Raster and vector graphics editing program

Ulead PhotoImpact (originally called Iedit) was a raster and vector graphics editing program published by Ulead Systems.

Alongside its image editing capabilities, the program also featured HTML tools, such as a rollover assistant, an imagemap assistant, an HTML assistant, a background designer and a button library. PhotoImpact also used Photoshop filters in .8bf format.

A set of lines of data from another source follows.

lemma det_one_minus_Tm: "det (1\<^sub>m ((j+1)*q) - z \<cdot>\<^sub>m Tm q j) = 1"
proof -
  define N where "N = (j+1)*q"
  let ?A = "1\<^sub>m N - z \<cdot>\<^sub>m Tm q j"
  have dT: "Tm q j \<in> carrier_mat N N" by (auto simp: Tm_def block_mat_def N_def)
  have c: "?A \<in> carrier_mat N N" using dT by auto
  have fs_entry: "?A $$ (i,k) = (if i = k then 1 else 0)" if "i \<le> k" "i < N" "k < N" for i k
    using that dT Tm_upper_zero[of i k j q] unfolding N_def by simp
  have "det ?A = prod_list (diag_mat ?A)"
    by (rule det_lower_triangular[OF _ c], subst fs_entry, auto)
  also have "\<dots> = 1"
  proof (rule prod_list_ones)
    fix x assume "x \<in> set (diag_mat ?A)"
    then obtain i where "i < N" "x = ?A $$ (i,i)" using c unfolding diag_mat_def by auto
    thus "x = 1" using fs_entry[of i i] by simp
  qed
  finally show ?thesis unfolding N_def .
qed

lemma of_mat_Tm: assumes q: "0 < q" shows "of_mat (Tm q j) = (\<Sum>k<j. unit_block q (Suc k) * adj (unit_block q k))"
proof -
  have "of_mat (Tm q j) = (\<Sum>l<Suc j. \<Sum>k<Suc j. unit_block q l * of_mat (if l = k+1 then 1\<^sub>m q else 0\<^sub>m q q) * adj (unit_block q k))"
    unfolding Tm_def by (subst of_mat_block_mat[OF q], auto)
  also have "\<dots> = (\<Sum>l<Suc j. \<Sum>k<Suc j. if l = Suc k then unit_block q l * adj (unit_block q k) else 0)"
    by (intro sum.cong refl, auto simp: of_mat_zero fs_one_def[symmetric] unit_block_fs_one)
  also have "\<dots> = (\<Sum>l<j. \<Sum>k<Suc j. if Suc l = Suc k then unit_block q (Suc l) * adj (unit_block q k) else 0)"
    by (subst sum.lessThan_Suc_shift, simp)
  also have "\<dots> = (\<Sum>l<j. unit_block q (Suc l) * adj (unit_block q l))"
    by (intro sum.cong refl, simp add: sum.delta')
  finally show ?thesis .
qed

lemma Rm_at_a_solve: assumes q: "0 < q" and y: "\<And>i. corner q (y i)"
  and x0: "x 0 = y 0" and xs: "\<And>i. i < j \<Longrightarrow> x (Suc i) = y (Suc i) - a *\<^sub>R y i"
  shows "of_mat (Rm q j (complex_of_real a)) * (\<Sum>i<Suc j. unit_block q i * x i) = (\<Sum>i<Suc j. unit_block q i * y i)"
proof -
  define A where "A = 1\<^sub>m ((j+1)*q) - complex_of_real a \<cdot>\<^sub>m Tm q j"
  have Ac: "A \<in> carrier_mat ((j+1)*q) ((j+1)*q)" unfolding A_def by (auto simp: Tm_def block_mat_def)
  have dA: "det A \<noteq> 0" unfolding A_def using det_one_minus_Tm[of j q "complex_of_real a"] by simp
  have R: "of_mat (Rm q j (complex_of_real a)) * of_mat A = block_proj q (Suc j)"
    using of_mat_minv_block(1)[OF Ac dA q, of "Suc j"] by (simp add: Rm_def A_def)
  let ?Y = "\<Sum>i<Suc j. unit_block q i * y i"
  have eA: "of_mat A = block_proj q (Suc j) - a *\<^sub>R (\<Sum>k<j. unit_block q (Suc k) * adj (unit_block q k))"
  proof -
    have Tc: "dim_row (Tm q j) = (j+1)*q" "dim_col (Tm q j) = (j+1)*q" by (auto simp: Tm_def block_mat_def)
    have "of_mat A = of_mat (1\<^sub>m ((j+1)*q)) - of_mat (complex_of_real a \<cdot>\<^sub>m Tm q j)"
      unfolding A_def by (rule of_mat_minus, auto simp: Tc)
    also have "\<dots> = block_proj q (Suc j) - a *\<^sub>R of_mat (Tm q j)"
      using of_mat_one_block[OF q, of "Suc j"] by (simp add: of_mat_smult)
    finally show ?thesis by (simp add: of_mat_Tm[OF q])
  qed
  have TY: "(\<Sum>k<j. unit_block q (Suc k) * adj (unit_block q k)) * ?Y = (\<Sum>k<j. unit_block q (Suc k) * y k)"
    by (simp add: sum_distrib_right mult.assoc adj_unit_block_sum[OF y])
  have "of_mat A * ?Y = ?Y - a *\<^sub>R (\<Sum>k<j. unit_block q (Suc k) * y k)"
    unfolding eA by (simp add: left_diff_distrib block_proj_sum TY)
  also have "\<dots> = unit_block q 0 * y 0 + (\<Sum>k<j. unit_block q (Suc k) * (y (Suc k) - a *\<^sub>R y k))"
    by (simp add: sum.lessThan_Suc_shift right_diff_distrib sum_subtractf scaleR_sum_right)
  also have "\<dots> = (\<Sum>i<Suc j. unit_block q i * x i)"
    by (simp add: sum.lessThan_Suc_shift x0 xs)
  finally have AY: "of_mat A * ?Y = (\<Sum>i<Suc j. unit_block q i * x i)" .
  have "of_mat (Rm q j (complex_of_real a)) * (\<Sum>i<Suc j. unit_block q i * x i) = block_proj q (Suc j) * ?Y"
    by (simp add: AY[symmetric] mult.assoc[symmetric] R)
  also have "\<dots> = ?Y" by (rule block_proj_sum)
  finally show ?thesis .
qed

section \<open>The polynomials of the moment problem at \<open>a\<close>\<close>

locale dsm_setting =
  fixes q n :: nat and a b :: real and s :: "nat \<Rightarrow> complex mat"
  assumes q1: "q \<ge> 1" and n1: "n \<ge> 1"
    and sc: "\<And>j. j \<le> 2*n+1 \<Longrightarrow> s j \<in> carrier_mat q q \<and> hermitian (s j)"
    and pdH: "pos_def (H2 q a b s (n-1))" and pdK: "pos_def (K1 q b s n)"
begin

lemma q_pos: "0 < q" using q1 by simp

definition sf :: "nat \<Rightarrow> fsmat" where "sf k = of_mat (s k)"

lemma s_carrier: "k \<le> 2*n+1 \<Longrightarrow> s k \<in> carrier_mat q q" using sc by auto

lemma sf_corner: "k \<le> 2*n+1 \<Longrightarrow> corner q (sf k)"
  unfolding sf_def corner_def by (simp add: fs_one_times_of_mat[OF s_carrier] of_mat_times_fs_one[OF s_carrier])

lemma sf_adj: "k \<le> 2*n+1 \<Longrightarrow> adj (sf k) = sf k"
  unfolding sf_def using sc[of k] by (simp add: of_mat_adj[symmetric] hermitian_def)

text \<open>Cut off beyond the given data so that \<open>rseq\<close> satisfies the \<open>hankel_pair\<close> axioms for all \<open>k\<close>.\<close>

definition rseq :: "nat \<Rightarrow> fsmat" where
  "rseq k = (if k \<le> 2*n then b *\<^sub>R sf k - sf (Suc k) else 0)"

PhotoImpact had vast support for graphic file formats but also used its own UFO and UFP file format which supported all the aforementioned features.

The last version of PhotoImpact released in 2008 was X3/13.

In December 2006 Corel acquired Ulead Systems. Corel continued to market PhotoImpact until September 2009 when they discontinued the product, focusing on the competing product Paint Shop Pro. Though development has been halted, the product is still being sold by Corel. A version of PhotoImpact licensed as PhotoImpact Pro is sold by Nova Development. It is a rebranded version of PhotoImpact with no program differences. However, while the Ulead and Corel specs omit Windows 7, the Nova specs in 2014 mention that Windows 7 and Windows 8.x are supported.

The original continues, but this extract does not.